Stored dataset items
--------------------------------------------------

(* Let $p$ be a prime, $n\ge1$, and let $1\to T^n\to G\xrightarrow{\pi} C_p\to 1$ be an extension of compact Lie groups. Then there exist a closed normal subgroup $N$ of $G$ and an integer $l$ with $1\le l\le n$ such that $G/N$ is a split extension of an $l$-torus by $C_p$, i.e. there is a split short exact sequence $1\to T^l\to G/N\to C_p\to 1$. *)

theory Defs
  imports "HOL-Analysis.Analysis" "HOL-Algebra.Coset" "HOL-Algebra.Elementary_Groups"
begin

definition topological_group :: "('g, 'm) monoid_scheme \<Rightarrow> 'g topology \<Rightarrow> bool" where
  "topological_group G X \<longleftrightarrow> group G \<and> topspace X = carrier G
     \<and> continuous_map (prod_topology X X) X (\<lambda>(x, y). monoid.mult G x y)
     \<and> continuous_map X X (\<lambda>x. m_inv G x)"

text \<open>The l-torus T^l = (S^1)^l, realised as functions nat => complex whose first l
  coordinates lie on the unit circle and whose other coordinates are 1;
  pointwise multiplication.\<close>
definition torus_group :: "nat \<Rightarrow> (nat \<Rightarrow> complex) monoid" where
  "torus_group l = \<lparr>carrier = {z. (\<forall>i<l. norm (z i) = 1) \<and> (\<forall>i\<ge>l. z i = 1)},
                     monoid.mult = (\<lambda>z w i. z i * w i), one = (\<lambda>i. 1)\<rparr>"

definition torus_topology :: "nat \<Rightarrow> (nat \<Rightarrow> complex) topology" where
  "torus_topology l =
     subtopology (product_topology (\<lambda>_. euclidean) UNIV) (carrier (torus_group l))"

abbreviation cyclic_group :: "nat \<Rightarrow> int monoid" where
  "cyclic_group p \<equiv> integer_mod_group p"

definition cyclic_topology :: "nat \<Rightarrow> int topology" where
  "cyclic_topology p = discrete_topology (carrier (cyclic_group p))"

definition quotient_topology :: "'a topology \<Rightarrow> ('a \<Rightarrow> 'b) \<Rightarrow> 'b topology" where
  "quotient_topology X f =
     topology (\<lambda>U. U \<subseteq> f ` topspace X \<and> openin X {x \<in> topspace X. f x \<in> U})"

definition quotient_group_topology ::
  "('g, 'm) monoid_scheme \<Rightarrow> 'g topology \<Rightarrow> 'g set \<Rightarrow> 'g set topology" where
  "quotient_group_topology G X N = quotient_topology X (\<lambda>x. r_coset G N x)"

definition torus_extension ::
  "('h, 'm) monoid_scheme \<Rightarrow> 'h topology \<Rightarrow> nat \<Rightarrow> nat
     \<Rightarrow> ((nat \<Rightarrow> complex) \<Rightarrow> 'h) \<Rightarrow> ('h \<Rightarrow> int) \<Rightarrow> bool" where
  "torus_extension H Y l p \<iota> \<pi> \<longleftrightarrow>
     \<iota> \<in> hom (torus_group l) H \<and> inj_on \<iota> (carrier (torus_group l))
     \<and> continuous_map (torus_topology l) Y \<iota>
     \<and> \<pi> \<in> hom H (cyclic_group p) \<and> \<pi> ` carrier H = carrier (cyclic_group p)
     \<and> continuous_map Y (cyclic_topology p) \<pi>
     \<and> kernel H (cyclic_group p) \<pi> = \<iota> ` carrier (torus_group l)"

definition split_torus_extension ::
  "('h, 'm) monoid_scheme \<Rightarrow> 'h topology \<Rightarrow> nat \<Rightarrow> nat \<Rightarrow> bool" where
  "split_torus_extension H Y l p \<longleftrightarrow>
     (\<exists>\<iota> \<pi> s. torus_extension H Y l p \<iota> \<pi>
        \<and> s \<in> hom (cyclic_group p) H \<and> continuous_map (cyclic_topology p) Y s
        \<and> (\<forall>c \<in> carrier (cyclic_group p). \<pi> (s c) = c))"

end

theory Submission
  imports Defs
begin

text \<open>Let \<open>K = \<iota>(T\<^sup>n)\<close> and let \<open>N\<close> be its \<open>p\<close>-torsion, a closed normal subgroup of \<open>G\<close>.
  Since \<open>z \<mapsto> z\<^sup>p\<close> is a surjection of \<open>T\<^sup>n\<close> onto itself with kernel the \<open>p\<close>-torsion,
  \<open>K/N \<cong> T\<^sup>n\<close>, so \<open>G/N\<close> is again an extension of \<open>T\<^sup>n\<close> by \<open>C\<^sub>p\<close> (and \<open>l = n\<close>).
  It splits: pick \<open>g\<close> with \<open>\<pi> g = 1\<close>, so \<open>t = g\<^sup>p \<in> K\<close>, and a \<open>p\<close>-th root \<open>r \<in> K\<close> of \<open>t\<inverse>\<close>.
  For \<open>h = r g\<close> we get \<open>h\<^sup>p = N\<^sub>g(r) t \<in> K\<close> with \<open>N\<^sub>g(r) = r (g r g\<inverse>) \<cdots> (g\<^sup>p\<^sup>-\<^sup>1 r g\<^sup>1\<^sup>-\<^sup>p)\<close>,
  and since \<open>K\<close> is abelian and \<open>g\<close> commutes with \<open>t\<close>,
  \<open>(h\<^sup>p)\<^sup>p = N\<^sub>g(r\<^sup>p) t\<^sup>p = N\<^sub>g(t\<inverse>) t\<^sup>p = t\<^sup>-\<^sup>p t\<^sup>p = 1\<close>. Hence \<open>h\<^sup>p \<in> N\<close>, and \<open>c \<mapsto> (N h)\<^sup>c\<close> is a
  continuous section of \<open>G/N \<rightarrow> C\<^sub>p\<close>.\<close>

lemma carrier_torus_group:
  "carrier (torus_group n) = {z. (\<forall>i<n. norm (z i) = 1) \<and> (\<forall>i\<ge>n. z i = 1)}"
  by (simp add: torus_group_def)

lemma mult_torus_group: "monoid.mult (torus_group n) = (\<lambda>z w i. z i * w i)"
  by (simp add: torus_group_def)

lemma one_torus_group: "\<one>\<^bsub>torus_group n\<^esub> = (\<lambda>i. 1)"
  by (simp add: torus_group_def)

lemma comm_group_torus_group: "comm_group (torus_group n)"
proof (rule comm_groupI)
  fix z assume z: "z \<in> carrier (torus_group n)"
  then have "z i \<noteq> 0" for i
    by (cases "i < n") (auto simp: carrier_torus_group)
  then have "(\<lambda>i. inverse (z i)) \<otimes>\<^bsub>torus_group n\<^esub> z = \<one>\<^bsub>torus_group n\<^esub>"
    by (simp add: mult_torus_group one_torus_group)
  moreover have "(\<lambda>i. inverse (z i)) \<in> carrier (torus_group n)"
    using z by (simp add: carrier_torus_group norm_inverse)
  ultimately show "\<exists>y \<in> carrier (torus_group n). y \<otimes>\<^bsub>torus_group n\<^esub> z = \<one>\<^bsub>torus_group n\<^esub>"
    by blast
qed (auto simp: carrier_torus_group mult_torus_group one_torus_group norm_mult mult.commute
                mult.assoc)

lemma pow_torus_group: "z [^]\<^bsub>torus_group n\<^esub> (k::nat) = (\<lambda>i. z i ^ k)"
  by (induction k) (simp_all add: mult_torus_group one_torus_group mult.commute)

--------------------------------------------------

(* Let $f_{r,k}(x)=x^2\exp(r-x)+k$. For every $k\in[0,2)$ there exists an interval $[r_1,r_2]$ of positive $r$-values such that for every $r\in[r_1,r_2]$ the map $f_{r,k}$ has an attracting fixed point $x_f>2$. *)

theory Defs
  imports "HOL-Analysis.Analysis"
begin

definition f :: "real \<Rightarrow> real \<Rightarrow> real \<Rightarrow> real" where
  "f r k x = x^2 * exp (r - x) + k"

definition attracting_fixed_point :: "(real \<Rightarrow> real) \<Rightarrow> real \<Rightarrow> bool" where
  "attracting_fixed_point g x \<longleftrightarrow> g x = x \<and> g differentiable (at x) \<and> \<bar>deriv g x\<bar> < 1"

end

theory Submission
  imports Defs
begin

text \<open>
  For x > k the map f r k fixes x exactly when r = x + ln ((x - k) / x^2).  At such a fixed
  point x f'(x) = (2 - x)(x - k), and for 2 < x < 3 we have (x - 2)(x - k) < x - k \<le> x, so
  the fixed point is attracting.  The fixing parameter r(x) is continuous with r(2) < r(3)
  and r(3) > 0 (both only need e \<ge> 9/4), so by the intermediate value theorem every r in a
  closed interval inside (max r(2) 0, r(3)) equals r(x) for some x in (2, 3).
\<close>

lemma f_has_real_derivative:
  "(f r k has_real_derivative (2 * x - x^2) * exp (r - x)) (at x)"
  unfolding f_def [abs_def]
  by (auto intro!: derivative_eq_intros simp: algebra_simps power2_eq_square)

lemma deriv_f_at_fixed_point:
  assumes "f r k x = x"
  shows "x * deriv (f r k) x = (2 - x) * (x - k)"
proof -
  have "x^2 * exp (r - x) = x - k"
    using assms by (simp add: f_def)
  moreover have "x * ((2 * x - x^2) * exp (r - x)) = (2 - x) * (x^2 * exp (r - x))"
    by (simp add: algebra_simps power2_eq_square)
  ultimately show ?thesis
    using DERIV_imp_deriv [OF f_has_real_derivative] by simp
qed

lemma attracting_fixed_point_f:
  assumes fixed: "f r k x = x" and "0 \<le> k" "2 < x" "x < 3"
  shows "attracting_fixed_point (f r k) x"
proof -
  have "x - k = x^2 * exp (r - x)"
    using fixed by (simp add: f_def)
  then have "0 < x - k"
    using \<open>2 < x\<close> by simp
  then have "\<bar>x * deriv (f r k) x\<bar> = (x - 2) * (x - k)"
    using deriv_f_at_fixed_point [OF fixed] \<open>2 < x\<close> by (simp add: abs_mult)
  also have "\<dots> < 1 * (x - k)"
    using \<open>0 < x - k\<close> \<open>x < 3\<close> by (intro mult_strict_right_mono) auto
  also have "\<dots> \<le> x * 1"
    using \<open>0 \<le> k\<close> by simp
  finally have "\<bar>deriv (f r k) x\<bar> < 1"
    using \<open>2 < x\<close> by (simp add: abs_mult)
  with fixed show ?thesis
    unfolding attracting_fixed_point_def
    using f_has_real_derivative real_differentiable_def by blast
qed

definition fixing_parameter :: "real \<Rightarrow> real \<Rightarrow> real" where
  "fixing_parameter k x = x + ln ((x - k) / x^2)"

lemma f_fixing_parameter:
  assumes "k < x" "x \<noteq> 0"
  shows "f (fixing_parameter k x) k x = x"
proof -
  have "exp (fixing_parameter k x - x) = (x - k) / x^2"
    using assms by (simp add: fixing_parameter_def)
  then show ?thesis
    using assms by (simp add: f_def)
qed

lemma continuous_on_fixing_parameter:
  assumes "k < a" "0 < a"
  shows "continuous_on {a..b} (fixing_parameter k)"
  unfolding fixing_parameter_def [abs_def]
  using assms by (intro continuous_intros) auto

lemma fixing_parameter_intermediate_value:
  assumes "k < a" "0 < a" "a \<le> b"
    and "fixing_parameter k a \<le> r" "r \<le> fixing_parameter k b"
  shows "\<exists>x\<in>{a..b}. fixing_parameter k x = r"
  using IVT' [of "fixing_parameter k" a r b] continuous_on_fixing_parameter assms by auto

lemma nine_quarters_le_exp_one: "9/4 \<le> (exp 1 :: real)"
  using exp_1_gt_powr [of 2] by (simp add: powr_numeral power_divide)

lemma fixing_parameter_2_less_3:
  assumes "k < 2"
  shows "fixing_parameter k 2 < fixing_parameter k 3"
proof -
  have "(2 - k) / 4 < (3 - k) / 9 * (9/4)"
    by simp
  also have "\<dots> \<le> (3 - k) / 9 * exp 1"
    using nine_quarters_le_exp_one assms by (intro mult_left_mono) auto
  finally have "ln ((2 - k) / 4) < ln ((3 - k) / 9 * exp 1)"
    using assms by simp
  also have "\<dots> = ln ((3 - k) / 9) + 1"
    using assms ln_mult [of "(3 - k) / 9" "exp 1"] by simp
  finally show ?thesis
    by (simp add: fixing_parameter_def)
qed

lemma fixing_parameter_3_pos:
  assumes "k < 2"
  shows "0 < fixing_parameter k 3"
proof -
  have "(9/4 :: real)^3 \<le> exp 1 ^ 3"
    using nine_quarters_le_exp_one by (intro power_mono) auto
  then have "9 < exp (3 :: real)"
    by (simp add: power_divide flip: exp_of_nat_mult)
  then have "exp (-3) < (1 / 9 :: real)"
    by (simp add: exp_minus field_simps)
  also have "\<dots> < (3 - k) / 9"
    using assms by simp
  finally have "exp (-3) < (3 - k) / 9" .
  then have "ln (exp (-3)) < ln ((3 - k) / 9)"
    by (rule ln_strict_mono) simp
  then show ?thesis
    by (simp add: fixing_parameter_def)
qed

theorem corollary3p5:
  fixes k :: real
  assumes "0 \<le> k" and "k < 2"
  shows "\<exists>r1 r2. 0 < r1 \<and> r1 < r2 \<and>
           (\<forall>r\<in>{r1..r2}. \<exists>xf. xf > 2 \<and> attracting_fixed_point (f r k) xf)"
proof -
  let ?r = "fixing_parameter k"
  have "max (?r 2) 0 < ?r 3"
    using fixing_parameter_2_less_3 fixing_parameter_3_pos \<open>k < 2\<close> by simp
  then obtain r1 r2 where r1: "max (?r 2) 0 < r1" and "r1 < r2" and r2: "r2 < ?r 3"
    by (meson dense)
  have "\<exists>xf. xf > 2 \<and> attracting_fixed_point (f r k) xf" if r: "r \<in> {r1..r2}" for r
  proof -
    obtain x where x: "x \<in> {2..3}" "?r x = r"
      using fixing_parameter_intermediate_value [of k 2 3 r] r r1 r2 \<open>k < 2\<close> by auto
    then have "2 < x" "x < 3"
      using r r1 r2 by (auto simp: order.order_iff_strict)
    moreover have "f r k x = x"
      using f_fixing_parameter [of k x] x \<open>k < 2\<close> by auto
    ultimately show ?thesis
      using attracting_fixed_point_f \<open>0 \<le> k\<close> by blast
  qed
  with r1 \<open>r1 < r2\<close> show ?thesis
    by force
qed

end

--------------------------------------------------

Find every line in the records that contains the word "esub"; copy those lines.

lemma one_torus_group: "\<one>\<^bsub>torus_group n\<^esub> = (\<lambda>i. 1)"
  then have "(\<lambda>i. inverse (z i)) \<otimes>\<^bsub>torus_group n\<^esub> z = \<one>\<^bsub>torus_group n\<^esub>"
  ultimately show "\<exists>y \<in> carrier (torus_group n). y \<otimes>\<^bsub>torus_group n\<^esub> z = \<one>\<^bsub>torus_group n\<^esub>"
lemma pow_torus_group: "z [^]\<^bsub>torus_group n\<^esub> (k::nat) = (\<lambda>i. z i ^ k)"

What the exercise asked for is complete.